Research on political influencers has shown how digitally native creators blend advocacy (Riedl et al. 2021; Martin et al. 2024), self-branding (Ong et al. 2022), and platform vernaculars (Harris et al. 2023) to engage audiences through affective and narrative labour (Goodwin et al. 2023; Martin et al. 2024). While this literature has focused primarily on domestic politics, recent studies demonstrate growing overlaps between influencer practices and diplomacy. For example, Lo Presti et al. (2025) identify ‘geopolitical influencers’ shaping public discourse around international conflicts, while Arnesson (2024) shows how state-sponsored trips by Swedish influencers function as soft power and perception management. Influencers also enact diplomacy through semi-official and spontaneous practices, including war influencing (Divon & Eriksson Krutrök 2025; Taher et al. 2025;) and activist interventions that reshape international perceptions of nationhood (Casas 2025). Taken together, these studies reveal influencers operating across multiple diplomatic registers, yet without a shared definition of ‘influencer diplomacy’.
The uncertain boundaries of ‘influencer diplomacy’ reflects broader transformations in diplomacy itself. Diplomacy has traditionally been understood as negotiation among states through official representatives (Cornago 2022).

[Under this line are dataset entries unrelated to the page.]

lemma norm_matrix_mult_le: "norm (A ** B) \<le> norm A * norm B" for A B :: "'n::finite cmat"
proof -
  let ?r = "\<lambda>i. \<Sum>k\<in>UNIV. (cmod (A $ i $ k))\<^sup>2" and ?c = "\<lambda>j. \<Sum>k\<in>UNIV. (cmod (B $ k $ j))\<^sup>2"
  have entry: "(cmod ((A ** B) $ i $ j))\<^sup>2 \<le> ?r i * ?c j" for i j
  proof -
    have "cmod ((A ** B) $ i $ j) \<le> (\<Sum>k\<in>UNIV. \<bar>cmod (A $ i $ k)\<bar> * \<bar>cmod (B $ k $ j)\<bar>)"
      unfolding matrix_matrix_mult_def by (auto intro: order_trans[OF norm_sum] simp: norm_mult)
    also have "\<dots> \<le> L2_set (\<lambda>k. cmod (A $ i $ k)) UNIV * L2_set (\<lambda>k. cmod (B $ k $ j)) UNIV"
      by (rule L2_set_mult_ineq)
    finally have "(cmod ((A ** B) $ i $ j))\<^sup>2 \<le> (L2_set (\<lambda>k. cmod (A $ i $ k)) UNIV * L2_set (\<lambda>k. cmod (B $ k $ j)) UNIV)\<^sup>2"
      by (rule power_mono) simp
    then show ?thesis by (simp add: power_mult_distrib L2_set_def sum_nonneg)
  qed
  have "(norm (A ** B))\<^sup>2 \<le> (\<Sum>i\<in>UNIV. \<Sum>j\<in>UNIV. ?r i * ?c j)"
    unfolding norm_cmat_power2 by (intro sum_mono entry)
  also have "\<dots> = (\<Sum>i\<in>UNIV. ?r i) * (\<Sum>j\<in>UNIV. ?c j)"
    by (rule sum_product[symmetric])
  also have "\<dots> = (norm A * norm B)\<^sup>2"
    unfolding power_mult_distrib norm_cmat_power2 by (subst (2) sum.swap) (rule refl)
  finally show ?thesis
    by (rule power2_le_imp_le) simp
qed

lemma norm_mat_i_mult: "norm (mat \<i> ** X) = norm (X :: 'n::finite cmat)"
  by (rule norm_unitary_mult) (simp add: cadj_mat mat_mult_mat)

lemma norm_cadj_unitary_mult: "U ** cadj U = mat 1 \<Longrightarrow> norm (cadj U ** X) = norm (X :: 'n::finite cmat)"
  by (rule norm_unitary_mult) (simp add: cadj_cadj)

lemma norm_unitary_mult_diff:
  assumes "unitary U"
  shows "norm (U ** X - Y) = norm (X - cadj U ** (Y :: 'n::finite cmat))"
proof -
  have "U ** X - Y = U ** (X - cadj U ** Y)"
    using assms by (simp add: unitary_def matrix_mult.diff_right matrix_mul_assoc)
  then show ?thesis
    using assms by (simp add: unitary_def norm_unitary_mult)
qed

lemma norm_commutator_le: "norm (A ** M - M ** B) \<le> (norm A + norm B) * norm (M :: 'n::finite cmat)"
proof -
  have "norm (A ** M - M ** B) \<le> norm A * norm M + norm M * norm B"
    by (rule order_trans[OF norm_triangle_ineq4 add_mono[OF norm_matrix_mult_le norm_matrix_mult_le]])
  then show ?thesis
    by (simp add: distrib_right mult.commute[of "norm B"])
qed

However, diplomacy has expanded beyond its traditional focus on state actors, to include a broader range of actors and practices. Cultural diplomacy shifts representation away from diplomats, with the state using culture to foster trust, promote the nation, and shape international perceptions (Kim 2017). Citizen diplomacy moves diplomacy further from the state, as individuals undertake diplomatic work through journalism, activism, and community initiatives, acting as political agents in their own right (Anton & Moise 2022). Meanwhile, everyday diplomacy highlights how diplomacy unfolds in ordinary, mundane encounters, showing how international relations are experienced and enacted outside formal state institutions (Jones & Clark 2015; Marsden et al. 2016).

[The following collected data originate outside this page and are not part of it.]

text \<open>
  The witness hypergraph lives on the vertices \<open>0..<n\<close>, grouped into blocks
  \<open>{2a, 2a+1}\<close>; its edges are the unions of two distinct blocks \<open>a, b < m\<close>.
  The even vertices \<open>0, 2, \<dots>, 2(m-1)\<close> pairwise share an edge, so every strong
  colouring uses at least \<open>m\<close> colours.

  The embedding places vertex \<open>v\<close> on the moment curve \<open>t \<mapsto> (t, t\<^sup>2, t\<^sup>3)\<close>.
  Affine functionals on the curve are exactly cubic polynomials in \<open>t\<close>, so
  (i) four distinct curve points are affinely independent, because a nonzero
  cubic has at most three roots, and (ii) two point sets satisfy the
  intersection condition of a linear embedding as soon as some cubic vanishes on
  their common parameters and is positive on the rest of the first and negative
  on the rest of the second (a weakly separating hyperplane).  For each relative
  position of two edges an explicit product of linear factors provides such a
  cubic.  The main theorem then follows from \<open>2\<lfloor>\<surd>n\<rfloor> \<le> n\<close> for \<open>n \<ge> 4\<close>.
\<close>

subsection \<open>Hyperplane separation of convex hulls\<close>

text \<open>If a hyperplane weakly separates \<open>P\<close> from \<open>Q\<close> and the points of \<open>P\<close> on it
  all lie in \<open>Q\<close>, the hulls meet only in the hull of \<open>P \<inter> Q\<close>: their intersection
  lies in the face of \<open>conv P\<close> cut out by the hyperplane, which is spanned by
  points of \<open>P \<inter> Q\<close>.\<close>

lemma hulls_Int_of_weak_separation:
  fixes P Q :: "'a::euclidean_space set"
  assumes "finite P"
    and P_above: "\<And>x. x \<in> P \<Longrightarrow> w \<bullet> x \<ge> b"
    and Q_below: "\<And>x. x \<in> Q \<Longrightarrow> w \<bullet> x \<le> b"
    and P_tight: "\<And>x. x \<in> P \<Longrightarrow> w \<bullet> x = b \<Longrightarrow> x \<in> Q"
  shows "convex hull P \<inter> convex hull Q = convex hull (P \<inter> Q)"
proof
  show "convex hull (P \<inter> Q) \<subseteq> convex hull P \<inter> convex hull Q"
    by (intro Int_greatest hull_mono Int_lower1 Int_lower2)
next
  have hull_P: "convex hull P \<subseteq> {x. w \<bullet> x \<ge> b}"
    by (rule hull_minimal[where S=convex, OF _ convex_halfspace_ge]) (use P_above in blast)
  have hull_Q: "convex hull Q \<subseteq> {x. w \<bullet> x \<le> b}"
    by (rule hull_minimal[where S=convex, OF _ convex_halfspace_le]) (use Q_below in blast)
  define F where "F = convex hull P \<inter> {x. w \<bullet> x = b}"
  have "F face_of convex hull P"
    unfolding F_def
    by (rule face_of_Int_supporting_hyperplane_ge[OF convex_convex_hull]) (use hull_P in blast)
  then obtain S where S: "S \<subseteq> P" "F = convex hull S"
    by (rule face_of_convex_hull_subset[OF finite_imp_compact[OF \<open>finite P\<close>]])
  have "S \<subseteq> P \<inter> Q"
  proof
    fix x assume "x \<in> S"
    then have "x \<in> P" "x \<in> F" using S(1) hull_inc[of x S] unfolding S(2) by blast+
    then show "x \<in> P \<inter> Q" using P_tight unfolding F_def by blast
  qed
  then have "F \<subseteq> convex hull (P \<inter> Q)" unfolding S(2) by (rule hull_mono)
  moreover have "convex hull P \<inter> convex hull Q \<subseteq> F"
  proof
    fix x assume "x \<in> convex hull P \<inter> convex hull Q"
    then show "x \<in> F" using hull_P hull_Q unfolding F_def by (auto intro: order.antisym)
  qed
  ultimately show "convex hull P \<inter> convex hull Q \<subseteq> convex hull (P \<inter> Q)" by blast
qed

In the age of influencers, diplomacy is shaped further by branding infrastructures, visibility economies, and platform logics. For example, government–influencer collaborations are often regulated through commercial frameworks that inadequately capture their political implications (Annabell et al. 2025), while political and diplomatic communication increasingly adopts influencer-oriented logics of metrics, relatability, and attention—or ‘wanghong thinking’—shaping practices in China (Xu 2024). Meanwhile, influencers on platforms like TikTok also enable states to reach foreign audiences while circumventing official restrictions (Fjällhed et al. 2024), raising concerns about instrumentalisation and blurred boundaries with propaganda (Ong et al. 2022; Reveilhac 2025; Wooley 2022; Xu & Schneider 2025). Scholars further question who counts as an influencer and what agency these actors hold: Anton and Moise (2022) situate influencer diplomacy within citizen and informal diplomacy; Casas (2025) includes artists, minor celebrities, activists, and indigenous cultural producers; and Tian et al. (2025) and Manfredi et al. (2024) highlight overlaps between politicians, influencers, and citizen journalists, underscoring the lack of a shared definition.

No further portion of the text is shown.